[Swift-devel] coaster status summary

Sat Apr 5 08:36:18 CDT 2008


Mihael Hategan wrote:
> On Fri, 2008-04-04 at 19:02 -0500, Ioan Raicu wrote:
>   
>> You say that you use UDP on the workers.  This might be more light
>> weight, but might also pose practical issues.  
>>     
>
> Of course. That is the trade-off.
>
>   
Right, there will be, the key is to be able to switch between TCP and 
UDP easily.
>> Some of those are:
>> - might not work well on any network other than a LAN
>>     
>
> It works exactly as it's supposed to: no guarantee of uniqueness, no
> guarantee of order, no guarantee of integrity, and no guarantee of
> reliability. One has to drop duplicates, do checksums, re-order, have
> time-outs.
>
>   
>> - won't be friendly to firewalls or NATs, no matter if you the service
>> pushes jobs, or workers pull jobs; the logic is that you need 2 way
>> communication, and using UDP (being a connectionless protocol), its
>> like having a server socket and a client socket on both ends of the
>> communication at the same time.
>>     
>
> Precisely so. In Java you can use one UDP socket as both client and
> server. 
But even if the abstraction is OK and allows you to use the same socket 
for both reads and writes, that doesn't mean that the NAT will actually 
set up the coresponding entries for you to have 2-way communication.  
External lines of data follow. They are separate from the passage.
(* Let $\mathcal X$ be finite with $N=|\mathcal X|\ge2$, let $0<c<1/N$ and $\varepsilon\ge\log\frac{2}{Nc}$. Then for every convex $f:(0,\infty)\to\mathbb R$ with $f(1)=0$ that is twice continuously differentiable with $f''(1)>0$, $$\sup_{K\in\mathcal M(\varepsilon,c)}\eta_f(K)=1.$$
   Context: For such $f$ and distributions $P\ll Q$ on a finite set, $D_f(P\|Q)=\sum_y Q(y)f\big(P(y)/Q(y)\big)$. For a kernel $K$ (row-stochastic matrix with entries $K_{Y|X=x}(y)$, $(K\circ P_X)(y)=\sum_xK_{Y|X=x}(y)P_X(x)$), $\eta_f(K)=\sup\frac{D_f(K\circ P_X\|K\circ Q_X)}{D_f(P_X\|Q_X)}$, the supremum over pairs of distributions on $\mathcal X$ with $0<D_f(P_X\|Q_X)<\infty$. PML: $\ell_{K\times P_X}(X\to y)=\log\frac{\max_x K_{Y|X=x}(y)}{(K\circ P_X)(y)}$ for full-support $P_X$ and $(K\circ P_X)(y)>0$. $\mathcal Q_{\mathcal X}(c)=\{P_X:\min_xP_X(x)\ge c\}$; $C(K,\mathcal P)=\sup_{P_X\in\mathcal P}\sup_{y:(K\circ P_X)(y)>0}\ell_{K\times P_X}(X\to y)$; $\mathcal M(\varepsilon,c)$ is the set of kernels from $\mathcal X$ to any finite output set with $C(K,\mathcal Q_{\mathcal X}(c))\le\varepsilon$. *)

theory Defs
  imports "HOL-Analysis.Analysis"
begin

definition is_dist :: "('a \<Rightarrow> real) \<Rightarrow> 'a set \<Rightarrow> bool" where
  "is_dist P A \<longleftrightarrow> (\<forall>a. 0 \<le> P a) \<and> (\<forall>a. a \<notin> A \<longrightarrow> P a = 0) \<and> sum P A = 1"

definition abs_cont :: "('a \<Rightarrow> real) \<Rightarrow> ('a \<Rightarrow> real) \<Rightarrow> 'a set \<Rightarrow> bool" where
  "abs_cont P Q A \<longleftrightarrow> (\<forall>y\<in>A. Q y = 0 \<longrightarrow> P y = 0)"

definition fzero :: "(real \<Rightarrow> real) \<Rightarrow> ereal" where
  "fzero f = Lim (at_right 0) (\<lambda>t. ereal (f t))"
definition next_occ_continuations :: "nat \<Rightarrow> nat list \<Rightarrow> nat list set" where
  "next_occ_continuations b w = {Y \<in> lists {..<b}. occ w (tl w @ Y) = 1 \<and> suffix w (tl w @ Y)}"

definition letters :: "nat \<Rightarrow> nat list set" where
  "letters b = {[c] | c. c < b}"

lemma Zk_eq_lang_gf: "Zk b w k = lang_gf (words_occ b w k)"
  unfolding Zk_def lang_gf_def words_occ_def strings_def
  by (rule arg_cong[where f = Abs_fps]) (auto intro!: ext arg_cong[where f = "\<lambda>A. int (card A)"])

lemma Z0_eq_lang_gf: "Z0 b w x y = lang_gf (avoiding b w x y)"
  unfolding Z0_def lang_gf_def avoiding_def words_occ_def strings_def
  by (rule arg_cong[where f = Abs_fps]) (auto intro!: ext arg_cong[where f = "\<lambda>A. int (card A)"])

lemma languages_in_lists:
  "words_occ b w k \<subseteq> lists {..<b}" "words_occ_end b w k \<subseteq> lists {..<b}"
  "single_occ_start b w \<subseteq> lists {..<b}" "avoiding b w x y \<subseteq> lists {..<b}"
  "free_continuations b w \<subseteq> lists {..<b}" "next_occ_continuations b w \<subseteq> lists {..<b}"
  "letters b \<subseteq> lists {..<b}"
  by (auto simp: words_occ_end_def single_occ_start_def avoiding_def words_occ_def
      free_continuations_def next_occ_continuations_def letters_def)

locale pattern =
  fixes b :: nat and w :: "nat list"
  assumes w_ne: "w \<noteq> []" and w_letters: "set w \<subseteq> {..<b}"
begin

lemma tl_w_in_lists: "tl w \<in> lists {..<b}"
  using w_letters by (cases w) auto

lemma hd_w_less: "hd w < b"
  using w_letters w_ne by (cases w) auto

lemma last_w_less: "last w < b"
  using w_letters w_ne last_in_set by blast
With TCP, given the connection oriented protocol, NATs are fine as long 
as one initiates the connection from the inside the NAT, but with UDP, 
you will only be able to have outgoing messages, but incoming messages 
to the NAT will not have the rules setup.  The only way I could see UDP 
working through the NAT is to have static rules setup ahead of time, 
that map between some PORTs on the NAT and IP:PORT on the compute nodes....
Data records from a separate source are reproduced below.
(* Let $G$ be a fullerene graph. Then $G$ has a perfect star packing if and only if $G$ has an independent vertex set $S^*$ such that each connected component of $G-S^*$ is a cycle which is an induced cycle of $G$.
   Context: A fullerene graph is a finite simple connected (equivalently, $3$-connected) plane cubic graph all of whose faces are pentagons or hexagons. A perfect star packing of a graph $G$ is a spanning subgraph of $G$ every connected component of which is isomorphic to the star $K_{1,3}$. A cycle $v_1\cdots v_k v_1$ in $G$ is induced if it has no chord, i.e. no edge $v_iv_j$ of $G$ with $v_i,v_j$ non-consecutive on the cycle. *)

theory Defs
  imports Main
begin

definition simple_graph :: "'a set \<Rightarrow> ('a \<Rightarrow> 'a \<Rightarrow> bool) \<Rightarrow> bool" where
  "simple_graph V E \<longleftrightarrow> finite V \<and> (\<forall>x y. E x y \<longrightarrow> x \<in> V \<and> y \<in> V)
     \<and> (\<forall>x y. E x y \<longrightarrow> E y x) \<and> (\<forall>x. \<not> E x x)"

definition neighbours :: "'a set \<Rightarrow> ('a \<Rightarrow> 'a \<Rightarrow> bool) \<Rightarrow> 'a \<Rightarrow> 'a set" where
  "neighbours V E v = {w \<in> V. E v w}"

definition cubic :: "'a set \<Rightarrow> ('a \<Rightarrow> 'a \<Rightarrow> bool) \<Rightarrow> bool" where
  "cubic V E \<longleftrightarrow> (\<forall>v\<in>V. card (neighbours V E v) = 3)"

definition restr :: "'a set \<Rightarrow> ('a \<Rightarrow> 'a \<Rightarrow> bool) \<Rightarrow> 'a \<Rightarrow> 'a \<Rightarrow> bool" where
  "restr W E x y \<longleftrightarrow> x \<in> W \<and> y \<in> W \<and> E x y"

definition connected_graph :: "'a set \<Rightarrow> ('a \<Rightarrow> 'a \<Rightarrow> bool) \<Rightarrow> bool" where
  "connected_graph V E \<longleftrightarrow> V \<noteq> {} \<and> (\<forall>x\<in>V. \<forall>y\<in>V. (restr V E)\<^sup>*\<^sup>* x y)"

definition component :: "'a set \<Rightarrow> ('a \<Rightarrow> 'a \<Rightarrow> bool) \<Rightarrow> 'a \<Rightarrow> 'a set" where
  "component V E v = {w \<in> V. (restr V E)\<^sup>*\<^sup>* v w}"

definition components :: "'a set \<Rightarrow> ('a \<Rightarrow> 'a \<Rightarrow> bool) \<Rightarrow> 'a set set" where
  "components V E = component V E ` V"

definition edge_set :: "'a set \<Rightarrow> ('a \<Rightarrow> 'a \<Rightarrow> bool) \<Rightarrow> 'a set set" where
  "edge_set V E = {{x, y} | x y. x \<in> V \<and> y \<in> V \<and> E x y}"

definition darts :: "'a set \<Rightarrow> ('a \<Rightarrow> 'a \<Rightarrow> bool) \<Rightarrow> ('a \<times> 'a) set" where
  "darts V E = {(u, v). u \<in> V \<and> v \<in> V \<and> E u v}"

definition rotation_system :: "'a set \<Rightarrow> ('a \<Rightarrow> 'a \<Rightarrow> bool) \<Rightarrow> ('a \<times> 'a \<Rightarrow> 'a \<times> 'a) \<Rightarrow> bool" where
  "rotation_system V E rho \<longleftrightarrow> bij_betw rho (darts V E) (darts V E)
     \<and> (\<forall>d\<in>darts V E. fst (rho d) = fst d)
     \<and> (\<forall>d\<in>darts V E. \<forall>d'\<in>darts V E. fst d = fst d' \<longrightarrow> (\<exists>n. (rho ^^ n) d = d'))"

definition face_perm :: "('a \<times> 'a \<Rightarrow> 'a \<times> 'a) \<Rightarrow> 'a \<times> 'a \<Rightarrow> 'a \<times> 'a" where
  "face_perm rho d = rho (snd d, fst d)"

definition orbit_of :: "('b \<Rightarrow> 'b) \<Rightarrow> 'b \<Rightarrow> 'b set" where
  "orbit_of f x = {(f ^^ n) x | n. True}"

text \<open>Faces of the embedding = orbits of the face permutation (given as dart sets);
the length of a face is the number of darts on its boundary walk.\<close>
definition faces :: "'a set \<Rightarrow> ('a \<Rightarrow> 'a \<Rightarrow> bool) \<Rightarrow> ('a \<times> 'a \<Rightarrow> 'a \<times> 'a) \<Rightarrow> ('a \<times> 'a) set set" where
  "faces V E rho = orbit_of (face_perm rho) ` darts V E"

text \<open>A rotation system describes an embedding in the sphere (a plane embedding) of a
connected graph iff Euler's formula V - E + F = 2 holds.\<close>
definition plane_rotation_system :: "'a set \<Rightarrow> ('a \<Rightarrow> 'a \<Rightarrow> bool) \<Rightarrow> ('a \<times> 'a \<Rightarrow> 'a \<times> 'a) \<Rightarrow> bool" where
  "plane_rotation_system V E rho \<longleftrightarrow> rotation_system V E rho
     \<and> int (card V) - int (card (edge_set V E)) + int (card (faces V E rho)) = 2"

definition fullerene :: "'a set \<Rightarrow> ('a \<Rightarrow> 'a \<Rightarrow> bool) \<Rightarrow> bool" where
  "fullerene V E \<longleftrightarrow> simple_graph V E \<and> connected_graph V E \<and> cubic V E
     \<and> (\<exists>rho. plane_rotation_system V E rho
          \<and> (\<forall>f\<in>faces V E rho. card f = 5 \<or> card f = 6))"

definition is_K13 :: "'a set \<Rightarrow> ('a \<Rightarrow> 'a \<Rightarrow> bool) \<Rightarrow> bool" where
  "is_K13 C H \<longleftrightarrow> card C = 4 \<and>
     (\<exists>c\<in>C. \<forall>x\<in>C. \<forall>y\<in>C. H x y \<longleftrightarrow> (x = c \<and> y \<noteq> c) \<or> (y = c \<and> x \<noteq> c))"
> Perl seems to be nastier as it won't let you send and receive on
> the same socket (at least in the implementation I've seen).
>
>   
>>   This might not matter if the service and the worker are on the same
>> LAN with no NATs or firewalls in the middle, but, it would matter on a
>> machine such as the BG/P, as there is a NAT inbetween the login nodes
>> and the compute nodes.
>>     
>
> That's odd. Do you have anything to back that up?
>
>   
Compute nodes have a private address per P-SET (64 nodes), and there are 
16 P-SETs in the current machine we use, and there will be 640 P-SETs in 
the final machine.  The I/O nodes (1 per P-SET) act as a NAT and have 
network connectivity on both public and private networks, and the login 
nodes only have access to the public network.  This has been our 
experience for the past 2 months in using TCP/IP on the BG/P.  Zhao, if 
you have anything else to add (especially links to docs confirming what 
I just said), please do so.
>>   In essence, for this to work on the BG/P, you'll need to avoid
>> having server side sockets on the compute nodes (workers), and you'll
>> probably only be able to do that via a connection oriented protocol
>> (i.e. TCP).  Is switching to TCP a relatively straight forward option?
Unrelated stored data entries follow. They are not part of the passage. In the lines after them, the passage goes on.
lemma gauged_A4_cn_poly:
  fixes q L t1 t2 h1 h2 l1 l2 a1 a2 b E s :: complex and N :: nat
  assumes Lq: "exp L = q" and N: "(h1 - h2 - l1 + l2 + a1 - a2 + b - 2) / 2 = of_nat N"
    and x_nz: "\<forall>n\<in>{1..N}. xco q L t1 t2 l1 h2 h1 l2 a1 a2 b n \<noteq> 0"
    and E: "cpoly q L t1 t2 l1 h2 h1 l2 a1 a2 b N E = 0"
  defines "P \<equiv> \<lambda>w. \<Sum>n\<le>N. cn q L t1 t2 l1 h2 h1 l2 a1 a2 b E n * w ^ n"
  shows "gauged_A4 q L t1 t2 h1 h2 l1 l2 a1 a2 b (qpw L (a2 + of_nat N)) (qpw L (a1 - of_nat N)) P s
    = E * s * P s"
proof -
  define x where "x = xco q L t1 t2 l1 h2 h1 l2 a1 a2 b"
  define y where "y = yco q L t1 t2 l1 h2 h1 l2 a1 a2 b"
  define z where "z = zco q L t1 t2 l1 h2 h1 l2 a1 a2 b"
  define c where "c = crec x y z E"
  have q0: "q \<noteq> 0"
    using Lq by auto
  have P: "P = (\<lambda>w. \<Sum>n\<le>N. c n * w ^ n)"
    unfolding P_def c_def x_def y_def z_def cn_def ..
  have "gauged_A4 q L t1 t2 h1 h2 l1 l2 a1 a2 b (qpw L (a2 + of_nat N)) (qpw L (a1 - of_nat N)) P s - E * s * P s
    = qpw L (a2 + of_nat N) * (s - qpw L (l1 + 1/2) * t1) * (s - qpw L (h2 + 1/2) * t2) * (\<Sum>n\<le>N. c n * (s / q) ^ n)
      + qpw L (a1 - of_nat N) * (s - qpw L (h1 - 1/2) * t1) * (s - qpw L (l2 - 1/2) * t2) * (\<Sum>n\<le>N. c n * (q * s) ^ n)
      - ((qpw L a1 + qpw L a2) * s\<^sup>2
         + qpw L ((h1 + h2 + l1 + l2 + a1 + a2) / 2) * (qpw L (b / 2) + qpw L (- b / 2)) * t1 * t2
         + E * s) * (\<Sum>n\<le>N. c n * s ^ n)"
    unfolding gauged_A4_def P by (simp add: algebra_simps)
  also have "\<dots> = (\<Sum>n\<le>N. c n * (s ^ (n + 2) * z (n + 2) - s ^ (n + 1) * (E + y (n + 1)) + s ^ n * x n))"
    unfolding q_difference_of_poly[OF q0]
    unfolding x_def y_def z_def xco_swapped[OF Lq N] yco_swapped[OF Lq N] zco_swapped[OF Lq N] ..
  also have "\<dots> = 0"
    unfolding c_def
  proof (rule crec_terminating_sum)
    show "x 0 = 0" "\<forall>n\<in>{1..N}. x n \<noteq> 0"
      using x_nz unfolding x_def xco_def by simp_all
    show "z (N + 2) = 0"
      unfolding z_def zco_def using lam1_swapped[OF N] by (simp add: qpw_def)
    have "(\<Prod>n\<in>{1..N}. x n) \<noteq> 0"
      using x_nz unfolding x_def by simp
    then show "crec x y z E N * (E + y (N + 1)) - crec_prev x y z E N * z (N + 1) = 0"
      using E unfolding cpoly_def Let_def x_def[symmetric] y_def[symmetric] z_def[symmetric] by simp
  qed
  finally show ?thesis
    by simp
qed

section \<open>Eigenfunctions of the operator\<close>

lemma A4_eigenfunction_of_gauge_shifts:
  fixes G :: "complex \<Rightarrow> complex"
  assumes Lq: "exp L = q" and N: "(h1 - h2 - l1 + l2 + a1 - a2 + b - 2) / 2 = of_nat N"
    and x_nz: "\<forall>n\<in>{1..N}. xco q L t1 t2 l1 h2 h1 l2 a1 a2 b n \<noteq> 0"
    and E: "cpoly q L t1 t2 l1 h2 h1 l2 a1 a2 b N E = 0"
    and s: "s \<noteq> 0"
    and down: "(s - q * (qpw L (h1 - 1/2) * t1)) * G (s / q) = \<kappa>\<^sub>d * (s - q * (qpw L (l1 - 1/2) * t1)) * G s"
    and up: "(s - qpw L (l1 - 1/2) * t1) * G (q * s) = \<kappa>\<^sub>u * (s - qpw L (h1 - 1/2) * t1) * G s"
    and \<kappa>\<^sub>d: "\<kappa>\<^sub>d = qpw L (a2 + of_nat N)"
    and \<kappa>\<^sub>u: "qpw L (a1 + a2) * \<kappa>\<^sub>u = qpw L (a1 - of_nat N)"
  defines "P \<equiv> \<lambda>w. \<Sum>n\<le>N. cn q L t1 t2 l1 h2 h1 l2 a1 a2 b E n * w ^ n"
  shows "A4 q L t1 t2 h1 h2 l1 l2 a1 a2 b (\<lambda>w. G w * P w) s = E * (G s * P s)"
proof -
  have "A4 q L t1 t2 h1 h2 l1 l2 a1 a2 b (\<lambda>w. G w * P w) s - E * (G s * P s)
      = G s / s * (gauged_A4 q L t1 t2 h1 h2 l1 l2 a1 a2 b \<kappa>\<^sub>d (qpw L (a1 + a2) * \<kappa>\<^sub>u) P s - E * s * P s)"
    by (rule A4_gauge_transform[OF Lq s down up])
  also have "\<dots> = 0"
    unfolding \<kappa>\<^sub>d \<kappa>\<^sub>u P_def gauged_A4_cn_poly[OF Lq N x_nz E] by simp
  finally show ?thesis
    by simp
qed

lemma A4_eigenfunction_gauge:
  fixes g :: "complex \<Rightarrow> complex"
  assumes q: "cmod q < 1" and Lq: "exp L = q" and t1: "t1 \<noteq> 0" and s: "s \<noteq> 0"
    and g: "\<And>z. z \<noteq> 0 \<Longrightarrow> g (q * z) = qpw L ((h1 + h2 - l1 - l2 - a1 - a2 - b + 2) / 2) * g z"
    and N: "(h1 - h2 - l1 + l2 + a1 - a2 + b - 2) / 2 = of_nat N"
    and x_nz: "\<forall>n\<in>{1..N}. xco q L t1 t2 l1 h2 h1 l2 a1 a2 b n \<noteq> 0"
    and E: "cpoly q L t1 t2 l1 h2 h1 l2 a1 a2 b N E = 0"
    and den: "\<forall>w\<in>{s / q, s, q * s}. qpoch_inf q (w / (qpw L (h1 - 1/2) * t1)) \<noteq> 0"
  defines "P \<equiv> \<lambda>w. \<Sum>n\<le>N. cn q L t1 t2 l1 h2 h1 l2 a1 a2 b E n * w ^ n"
  shows "A4 q L t1 t2 h1 h2 l1 l2 a1 a2 b
      (\<lambda>w. g w * qpoch_inf q (w / (qpw L (l1 - 1/2) * t1)) / qpoch_inf q (w / (qpw L (h1 - 1/2) * t1)) * P w) s
    = E * (g s * qpoch_inf q (s / (qpw L (l1 - 1/2) * t1)) / qpoch_inf q (s / (qpw L (h1 - 1/2) * t1)) * P s)"
proof -
  define \<rho> where "\<rho> = (h1 + h2 - l1 - l2 - a1 - a2 - b + 2) / 2"
  have exponent: "a2 + of_nat N = (h1 - 1/2) - (l1 - 1/2) - \<rho>"
    unfolding \<rho>_def N[symmetric] by (simp add: field_simps)
  have "q \<noteq> 0" "qpw L (l1 - 1/2) * t1 \<noteq> 0" "qpw L (h1 - 1/2) * t1 \<noteq> 0"
    using Lq t1 by auto
  note shifts = gauge_factor_shifts[where g = g and Q = "qpw L \<rho>", OF q this s qpw_nonzero g[folded \<rho>_def] den]
  have \<kappa>\<^sub>d: "qpw L (h1 - 1/2) * t1 / (qpw L (l1 - 1/2) * t1 * qpw L \<rho>) = qpw L (a2 + of_nat N)"
    unfolding exponent qpw_diff using t1 by simp
  have "qpw L (a1 - of_nat N) = qpw L (a1 + a2) / qpw L (a2 + of_nat N)"
    unfolding qpw_diff[symmetric] by (rule arg_cong[where f = "qpw L"]) simp
  then have \<kappa>\<^sub>u: "qpw L (a1 + a2) * (qpw L \<rho> * (qpw L (l1 - 1/2) * t1) / (qpw L (h1 - 1/2) * t1))
      = qpw L (a1 - of_nat N)"
    unfolding \<kappa>\<^sub>d[symmetric] using t1 by (simp add: field_simps)
  show ?thesis
    unfolding P_def by (rule A4_eigenfunction_of_gauge_shifts[OF Lq N x_nz E s shifts \<kappa>\<^sub>d \<kappa>\<^sub>u])
qed

lemma A4_eigenfunction_reciprocal_gauge:
  fixes g :: "complex \<Rightarrow> complex"
  assumes q: "cmod q < 1" and Lq: "exp L = q" and s: "s \<noteq> 0"
    and g: "\<And>z. z \<noteq> 0 \<Longrightarrow> g (q * z) = qpw L (- a2 - of_nat N) * g z"
    and N: "(h1 - h2 - l1 + l2 + a1 - a2 + b - 2) / 2 = of_nat N"
    and x_nz: "\<forall>n\<in>{1..N}. xco q L t1 t2 l1 h2 h1 l2 a1 a2 b n \<noteq> 0"
    and E: "cpoly q L t1 t2 l1 h2 h1 l2 a1 a2 b N E = 0"
    and den: "\<forall>w\<in>{s / q, s, q * s}. qpoch_inf q (qpw L (l1 + 1/2) * t1 / w) \<noteq> 0"
  defines "P \<equiv> \<lambda>w. \<Sum>n\<le>N. cn q L t1 t2 l1 h2 h1 l2 a1 a2 b E n * w ^ n"
  shows "A4 q L t1 t2 h1 h2 l1 l2 a1 a2 b
      (\<lambda>w. g w * qpoch_inf q (qpw L (h1 + 1/2) * t1 / w) / qpoch_inf q (qpw L (l1 + 1/2) * t1 / w) * P w) s
    = E * (g s * qpoch_inf q (qpw L (h1 + 1/2) * t1 / s) / qpoch_inf q (qpw L (l1 + 1/2) * t1 / s) * P s)"
proof -
  have "q \<noteq> 0"
    using Lq by auto
  note shifts = reciprocal_gauge_factor_shifts[where g = g and Q = "qpw L (- a2 - of_nat N)"
      and v = "qpw L (h1 - 1/2) * t1", OF q this s qpw_nonzero g den[unfolded qpw_half_shift[OF Lq]]]
  have \<kappa>\<^sub>d: "1 / qpw L (- a2 - of_nat N) = qpw L (a2 + of_nat N)"
    by (simp add: qpw_def field_simps flip: exp_add)
  have \<kappa>\<^sub>u: "qpw L (a1 + a2) * qpw L (- a2 - of_nat N) = qpw L (a1 - of_nat N)"
    unfolding qpw_add[symmetric] by (rule arg_cong[where f = "qpw L"]) simp
  show ?thesis
    unfolding P_def qpw_half_shift[OF Lq] by (rule A4_eigenfunction_of_gauge_shifts[OF Lq N x_nz E s shifts \<kappa>\<^sub>d \<kappa>\<^sub>u])
qed

theorem theorem3p2:
  fixes q L t1 t2 :: complex
    and pw :: "complex \<Rightarrow> complex \<Rightarrow> complex"
    and h1' h2' l1' l2' a1' a2' b' E0 s :: complex
    and N :: nat
  assumes q0: "0 < cmod q" and q1: "cmod q < 1" and Lq: "exp L = q"
    and t1: "t1 \<noteq> 0" and t2: "t2 \<noteq> 0"
    and pw_shift: "\<And>a z. z \<noteq> 0 \<Longrightarrow> pw a (q * z) = qpw L a * pw a z"
    and N_def: "(h1' - h2' - l1' + l2' + a1' - a2' + b' - 2) / 2 = of_nat N"
    and b_notin: "\<forall>n\<in>{1..N}. b' \<noteq> of_nat n"
    and x_def: "\<forall>n\<in>{1..N}. xco q L t1 t2 l1' h2' h1' l2' a1' a2' b' n \<noteq> 0"
    and E0: "cpoly q L t1 t2 l1' h2' h1' l2' a1' a2' b' N E0 = 0"
    and s0: "s \<noteq> 0"
    and den1: "\<forall>w\<in>{s / q, s, q * s}. qpoch_inf q (w / (qpw L (h1' - 1/2) * t1)) \<noteq> 0"
    and den2: "\<forall>w\<in>{s / q, s, q * s}. qpoch_inf q (qpw L (l1' + 1/2) * t1 / w) \<noteq> 0"
  shows
    "let P = (\<lambda>w. \<Sum>n\<le>N. cn q L t1 t2 l1' h2' h1' l2' a1' a2' b' E0 n * w ^ n);
         f1 = (\<lambda>w. pw ((h1' + h2' - l1' - l2' - a1' - a2' - b' + 2) / 2) w
                  * qpoch_inf q (w / (qpw L (l1' - 1/2) * t1))
                  / qpoch_inf q (w / (qpw L (h1' - 1/2) * t1)) * P w);
         f2 = (\<lambda>w. pw (- a2' - of_nat N) w
                  * qpoch_inf q (qpw L (h1' + 1/2) * t1 / w)
                  / qpoch_inf q (qpw L (l1' + 1/2) * t1 / w) * P w)
     in A4 q L t1 t2 h1' h2' l1' l2' a1' a2' b' f1 s = E0 * f1 s
      \<and> A4 q L t1 t2 h1' h2' l1' l2' a1' a2' b' f2 s = E0 * f2 s"
  unfolding Let_def
  using A4_eigenfunction_gauge[where g = "pw ((h1' + h2' - l1' - l2' - a1' - a2' - b' + 2) / 2)",
      OF q1 Lq t1 s0 pw_shift N_def x_def E0 den1]
    A4_eigenfunction_reciprocal_gauge[where g = "pw (- a2' - of_nat N)", OF q1 Lq s0 pw_shift N_def x_def E0 den2]
  by simp

end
>> If not, it might be worth implementing to make the implementation more
>> flexible
>> - loosing messages and recovering from them will likely be harder than
>> anticipated; I have a UDP version of the notification engine that
>> Falkon uses, and after much debugging, I gave up and switched over to
>> TCP.  It worked most of the time, but the occasional lost message (1
>> in 1000s, maybe even more rare) made Falkon unreliable, and hence I
>> stopped using it.
>>     
>
> Of course it's unreliable unless you deal with the reliability issues as
> outlined above.
>   
I did deal with them, duplicates, out of order, retries, timeouts, 
etc... yet, I still couldn't get a 100% reliable implementation, and I 
gave up... in theory, UDP should work given that you deal with all the 
reliability issues you outlined.  I am just pointing out that after lots 
of debugging, I gave in and swapped UDP for TCP to avoid the unexplained 
lost message once in a while.  I am positive it was a bug in my code, so 
perhaps you'll have better luck!
>   
>> Is the 180 tasks/sec the overall throughput measured from Swift's
>> point of view, including overhead of wrapper.sh?  Or is that a
>> micro-benchmark measuring just the coaster performance?  
>>     
>
> It's at the provider level. No wrapper.sh.
>   
OK, great!

Ioan
>   
>> Ioan
>>
>>
>> Mihael Hategan wrote: 
>>     
>>> On Fri, 2008-04-04 at 06:59 -0500, Michael Wilde wrote:
>>>   
>>>       
>>>> Mihael, this is great progress - very exciting.
>>>> Some questions (dont need answers right away):
>>>>
>>>> How would the end user use it? Manually start a service?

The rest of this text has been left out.